What happens when AI goes rogue (and how to stop it)

We have seen AI morphing from answering simple chat questions for school homework to attempting to detect weapons in the New York subway, and now being found complicit in the conviction of a criminal who used it to create deepfaked child sexual abuse material (CSAM) out of real photos and videos, shocking those in the (fully clothed) originals.

While AI keeps steamrolling forward, some seek to provide more meaningful guardrails to prevent it going wrong.

We’ve been using AI in a security context for years now, but we’ve warned it wasn’t a silver bullet, partially because it gets critical things wrong. However, security software that “only occasionally” gets critical things wrong will still have quite a negative impact, either spewing massive false positives triggering security teams to scramble unnecessarily, or missing a malicious attack that looks “just different enough” from malware that the AI already knew about.

This is why we’ve been layering it with a host of other technologies to provide checks and balances. That way, if AI’s answer is akin to digital hallucination, we can reel it back in with the rest of the stack of technologies.

While adversaries haven’t launched many pure AI attacks, it’s more correct to think of adversarial AI automating links in the attack chain to be more effective, especially at phishing and now voice and image cloning from phishing to supersize social engineering efforts. If bad actors can gain confidence digitally and trick systems into authenticating using AI-generated data, that’s enough of a beachhead to get into your organization and begin launching custom exploit tools manually.

To stop this, vendors can layer multifactor authentication, so attackers need multiple (hopefully time-sensitive) authentication methods, rather than just a voice or password. While that technology is now widely deployed, it is also widely underutilized by users. This is a simple way users can protect themselves without a heavy lift or a big budget.

Is AI at fault? When asked for justification when AI gets it wrong, people simply quipped “it’s complicated”. But as AI gets closer to the ability to cause physical harm and impact the real world, it’s no longer a satisfying and adequate response. For example, if an AI-powered self-driving car gets into an accident, does the “driver” get a ticket, or the manufacturer? It’s not an explanation likely to satisfy a court to hear how complicated and opaque it might be.

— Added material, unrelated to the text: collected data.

lemma less_of_gen_level_less: "gen_level N x < gen_level N y \<Longrightarrow> x < y"
  using gen_level_mono[of y x N] by linarith

lemma gen_level_eq:
  assumes "0 < N" "1 \<le> t" "t \<le> int N"
  shows "gen_level N (int N * (L - 1) + t) = L"
proof -
  have "(int N * (L - 1) + t - 1) div int N = (t - 1 + int N * (L - 1)) div int N"
    by (simp add: algebra_simps)
  also have "\<dots> = (t - 1) div int N + (L - 1)" using assms(1) by simp
  finally have "(int N * (L - 1) + t - 1) div int N = (t - 1) div int N + (L - 1)" .
  moreover have "(t - 1) div int N = 0" using assms by (simp add: div_pos_pos_trivial)
  ultimately show ?thesis unfolding gen_level_def by simp
qed

lemma gen_level_add_N: "0 < N \<Longrightarrow> gen_level N (x + int N) = gen_level N x + 1"
  using gen_level_eq[of N "gen_type N x" "gen_level N x + 1"] gen_type_bounds[of N x]
  unfolding gen_type_def by (simp add: algebra_simps)

lemma gen_level_eq_0: "0 < N \<Longrightarrow> - int N < x \<Longrightarrow> x \<le> 0 \<Longrightarrow> gen_level N x = 0"
  using gen_level_eq[of N "x + int N" 0] by simp

section \<open>Bisection of a set of generations\<close>

definition second_min :: "int set \<Rightarrow> int" where
  "second_min A = Min (A - {Min A})"

definition top_of_low_level :: "nat \<Rightarrow> int set \<Rightarrow> int" where
  "top_of_low_level N A = Max {x \<in> A. gen_level N x = gen_level N (Min A)}"

definition low_levels_split :: "nat \<Rightarrow> int set \<Rightarrow> bool" where
  "low_levels_split N A \<longleftrightarrow> gen_level N (second_min A) \<noteq> gen_level N (Min A)"

definition bisect_partner :: "nat \<Rightarrow> int set \<Rightarrow> int" where
  "bisect_partner N A = (if low_levels_split N A then second_min A else top_of_low_level N A)"

text \<open>The midpoint rule of the bisection edge, applied to an arbitrary edge with endpoint
  generations x > y.\<close>

definition edge_gen :: "nat \<Rightarrow> int \<Rightarrow> int \<Rightarrow> int" where
  "edge_gen N x y =
     (if gen_level N x \<noteq> gen_level N y then x + int N else y + 2 * int N + 1 - gen_type N x)"

definition bisect_gen :: "nat \<Rightarrow> int set \<Rightarrow> int" where
  "bisect_gen N A = edge_gen N (bisect_partner N A) (Min A)"

definition admissible :: "nat \<Rightarrow> int set \<Rightarrow> bool" where
  "admissible N A \<longleftrightarrow> (\<forall>x\<in>A. x < bisect_gen N A)"

lemma second_min_props:
  assumes "finite A" "2 \<le> card A"
  shows "second_min A \<in> A" "Min A < second_min A"
    "\<And>x. x \<in> A \<Longrightarrow> x \<noteq> Min A \<Longrightarrow> second_min A \<le> x"
proof -
  have "A \<noteq> {}" using assms by auto
  then have "card (A - {Min A}) \<noteq> 0" using assms by (simp add: card_Diff_singleton)
  then have "A - {Min A} \<noteq> {}" by (metis card.empty)
  then have "second_min A \<in> A - {Min A}"
    unfolding second_min_def using assms(1) by (intro Min_in) auto
  then show "second_min A \<in> A" "Min A < second_min A"
    using Min_le[OF assms(1)] by (auto simp: order.strict_iff_order)
  show "\<And>x. x \<in> A \<Longrightarrow> x \<noteq> Min A \<Longrightarrow> second_min A \<le> x"
    unfolding second_min_def using assms(1) by simp
qed

lemma top_of_low_level_props:
  assumes "finite A" "A \<noteq> {}"
  shows "top_of_low_level N A \<in> A" "gen_level N (top_of_low_level N A) = gen_level N (Min A)"
    "\<And>x. x \<in> A \<Longrightarrow> gen_level N x = gen_level N (Min A) \<Longrightarrow> x \<le> top_of_low_level N A"
proof -
  let ?B = "{x \<in> A. gen_level N x = gen_level N (Min A)}"
  have "Min A \<in> ?B" using Min_in[OF assms] by simp
  then have "Max ?B \<in> ?B" using assms(1) by (intro Max_in) auto
  then show "top_of_low_level N A \<in> A" "gen_level N (top_of_low_level N A) = gen_level N (Min A)"
    unfolding top_of_low_level_def by auto
  show "\<And>x. x \<in> A \<Longrightarrow> gen_level N x = gen_level N (Min A) \<Longrightarrow> x \<le> top_of_low_level N A"
    unfolding top_of_low_level_def using assms(1) by simp
qed

lemma bisect_gen_split:
  assumes "finite A" "2 \<le> card A" "low_levels_split N A"
  shows "bisect_partner N A = second_min A" "bisect_gen N A = second_min A + int N"
    "gen_level N (Min A) < gen_level N (second_min A)"
proof -
  have "Min A < second_min A" by (rule second_min_props(2)[OF assms(1,2)])
  then show "gen_level N (Min A) < gen_level N (second_min A)"
    using gen_level_mono[of "Min A" "second_min A" N] assms(3) unfolding low_levels_split_def by simp
  then show "bisect_partner N A = second_min A" "bisect_gen N A = second_min A + int N"
    using assms(3) unfolding bisect_gen_def bisect_partner_def edge_gen_def by auto
qed

lemma bisect_gen_unsplit:
  assumes "finite A" "2 \<le> card A" "0 < N" "\<not> low_levels_split N A"
  defines "t \<equiv> top_of_low_level N A"
  shows "bisect_partner N A = t" "Min A < t" "gen_type N (Min A) < gen_type N t"
    "bisect_gen N A = Min A + 2 * int N + 1 - gen_type N t"
    "gen_level N (bisect_gen N A) = gen_level N (Min A) + 1"
proof -
  have ne: "A \<noteq> {}" using assms(2) by auto
  note t = top_of_low_level_props[OF assms(1) ne, where N=N, folded t_def]
  have "second_min A \<le> t"
    using t(3) second_min_props[OF assms(1,2)] assms(4) unfolding low_levels_split_def by simp
  then show "Min A < t" using second_min_props(2)[OF assms(1,2)] by simp
  then show tt: "gen_type N (Min A) < gen_type N t"
    using same_level_less_iff[of N "Min A" t] t(2) by simp
  show "bisect_partner N A = t" using assms(4) unfolding bisect_partner_def t_def by simp
  then show mu: "bisect_gen N A = Min A + 2 * int N + 1 - gen_type N t"
    unfolding bisect_gen_def edge_gen_def using t(2) by simp
  define r where "r = int N + 1 + gen_type N (Min A) - gen_type N t"
  have "1 \<le> r" "r \<le> int N"
    using tt gen_type_bounds[OF assms(3), of "Min A"] gen_type_bounds[OF assms(3), of t]
    unfolding r_def by linarith+
  moreover have "bisect_gen N A = int N * ((gen_level N (Min A) + 1) - 1) + r"
    using mu gen_decomp[of "Min A" N] unfolding r_def by (simp add: algebra_simps)
  ultimately show "gen_level N (bisect_gen N A) = gen_level N (Min A) + 1"
    using gen_level_eq[OF assms(3), of r "gen_level N (Min A) + 1"] by simp
qed

lemma bisect_partner_props:
  assumes "finite A" "2 \<le> card A" "0 < N"
  shows "bisect_partner N A \<in> A" "Min A < bisect_partner N A"
proof -
  have "A \<noteq> {}" using assms(2) by auto
  then have "bisect_partner N A \<in> A \<and> Min A < bisect_partner N A"
    using bisect_gen_split[OF assms(1,2)] second_min_props[OF assms(1,2)]
      bisect_gen_unsplit[OF assms] top_of_low_level_props[OF assms(1)]
    by (cases "low_levels_split N A") auto
  then show "bisect_partner N A \<in> A" "Min A < bisect_partner N A" by auto
qed

lemma gen_level_bisect_gen_le:
  assumes "finite A" "2 \<le> card A" "0 < N"
  obtains x where "x \<in> A" "gen_level N (bisect_gen N A) \<le> gen_level N x + 1"
proof (cases "low_levels_split N A")
  case True
  then show ?thesis
    using that bisect_gen_split[OF assms(1,2)] second_min_props[OF assms(1,2)] gen_level_add_N[OF assms(3)]
    by simp
next
  case False
  have "A \<noteq> {}" using assms(2) by auto
  then show ?thesis using that bisect_gen_unsplit[OF assms False] Min_in[OF assms(1)] by simp
qed

lemma less_edge_gen:
  assumes "0 < N" "y < x"
  shows "x < edge_gen N x y"
  using same_level_diff[of N y x] gen_type_bounds[OF assms(1), of x] gen_type_bounds[OF assms(1), of y] assms
  unfolding edge_gen_def by auto

lemma bisect_gen_less_edge_gen_split:
  assumes "finite A" "2 \<le> card A" "0 < N" "low_levels_split N A"
    and "x \<in> A" "y \<in> A" "y < x" "\<not> (x = bisect_partner N A \<and> y = Min A)"
  shows "bisect_gen N A < edge_gen N x y"
proof -
  note split = bisect_gen_split[OF assms(1,2,4)]
  note second = second_min_props[OF assms(1,2)]
  have "Min A \<le> y" using Min_le[OF assms(1,6)] .
  then have x2: "second_min A \<le> x" using second(3)[OF assms(5)] assms(7) by simp
  show ?thesis
  proof (cases "gen_level N x = gen_level N y")
    case False
    have "x \<noteq> second_min A"
      using second(3)[OF assms(6)] assms(7,8) split(1) by force
    then show ?thesis using False x2 split(2) unfolding edge_gen_def by simp
  next
    case True
    have "gen_level N (second_min A) \<le> gen_level N x" using gen_level_mono[OF x2] .
    then have "y \<noteq> Min A" using True split(3) by auto
    then have "second_min A \<le> y" using second(3)[OF assms(6)] by simp
    then show ?thesis using True split(2) gen_type_bounds[OF assms(3), of x]
      unfolding edge_gen_def by simp
  qed
qed

lemma bisect_gen_less_edge_gen_unsplit:
  assumes "finite A" "2 \<le> card A" "0 < N" "\<not> low_levels_split N A" "admissible N A"
    and "x \<in> A" "y \<in> A" "y < x" "\<not> (x = bisect_partner N A \<and> y = Min A)"
  shows "bisect_gen N A < edge_gen N x y"
proof -
  define t where "t = top_of_low_level N A"
  define L where "L = gen_level N (Min A)"
  have "A \<noteq> {}" using assms(2) by auto
  note top = top_of_low_level_props[OF assms(1) this, where N=N, folded t_def L_def]
  note unsplit = bisect_gen_unsplit[OF assms(1-4), folded t_def L_def]
  note type_bounds = gen_type_bounds[OF assms(3)]
  have "Min A \<le> y" using Min_le[OF assms(1,7)] .
  then have y_ge: "L \<le> gen_level N y" using gen_level_mono unfolding L_def by blast
  have "x < bisect_gen N A" using assms(5,6) unfolding admissible_def by blast
  then have x_le: "gen_level N x \<le> L + 1" using gen_level_mono[of x "bisect_gen N A" N] unsplit(5) by simp
  have y_le_x: "gen_level N y \<le> gen_level N x" using gen_level_mono assms(8) by simp
  show ?thesis
  proof (cases "gen_level N x = gen_level N y")
    case False
    then have "gen_level N x = gen_level N (Min A) + 1" using x_le y_ge y_le_x unfolding L_def by simp
    then show ?thesis
      using next_level_diff[of N x "Min A"] False unsplit(3,4) type_bounds[of x]
      unfolding edge_gen_def by simp
  next
    case same: True
    show ?thesis
    proof (cases "gen_level N y = L")
      case True
      then have "x \<le> t" using top(3)[OF assms(6)] same unfolding L_def by simp
      moreover have "x \<noteq> t \<or> y \<noteq> Min A" using assms(9) unsplit(1) by auto
      ultimately have "x < t \<or> Min A < y" using \<open>Min A \<le> y\<close> by auto
      moreover have "t - x = gen_type N t - gen_type N x"
        using same_level_diff[of N x t] top(2) same True unfolding L_def by simp
      moreover have "y - Min A = gen_type N y - gen_type N (Min A)"
        using same_level_diff[of N "Min A" y] True unfolding L_def by simp
      moreover have "edge_gen N x y = y + 2 * int N + 1 - gen_type N x"
        using same unfolding edge_gen_def by simp
      ultimately show ?thesis using unsplit(4) \<open>x \<le> t\<close> \<open>Min A \<le> y\<close> by linarith
    next
      case False
      then have "gen_level N y = gen_level N (Min A) + 1"
        using x_le y_ge y_le_x unfolding L_def by simp
      then show ?thesis
        using next_level_diff[of N y "Min A"] same unsplit(3,4) type_bounds[of x] type_bounds[of y]
        unfolding edge_gen_def by simp
    qed
  qed
qed

text \<open>The bisection edge is the unique edge of an admissible simplex with minimal
  \<^const>\<open>edge_gen\<close>: this is what makes the recursion of Refine decrease midpoint generations.\<close>

lemma bisect_gen_less_edge_gen:
  assumes "finite A" "2 \<le> card A" "0 < N" "admissible N A"
    and "x \<in> A" "y \<in> A" "y < x" "\<not> (x = bisect_partner N A \<and> y = Min A)"
  shows "bisect_gen N A < edge_gen N x y"
  using bisect_gen_less_edge_gen_split[OF assms(1-3) _ assms(5-8)]
    bisect_gen_less_edge_gen_unsplit[OF assms(1-3) _ assms(4-8)]
  by blast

What about privacy? We’ve seen GDPR rules clamp down on tech-gone-wild as viewed through the lens of privacy. Certainly AI-derived, sliced and diced original works yielding derivatives for gain smacks afoul of the spirit of privacy – and therefore would trigger protective laws – but exactly how much does AI have to copy for it to be considered derivative, and what if it copies just enough to skirt legislation?

Also, how would anyone prove it in court, with but scant case law that will take years to become better tested legally? We see newspaper publishers suing Microsoft and OpenAI over what they believe is high-tech regurgitation of articles without due credit; it will be interesting to see the outcome of the litigation, perhaps a foreshadowing of future legal actions.

Meanwhile, AI is a tool – and often a good one – but with great power comes great responsibility. The responsibility of AI’s providers right now lags woefully behind what’s possible if our new-found power goes rogue.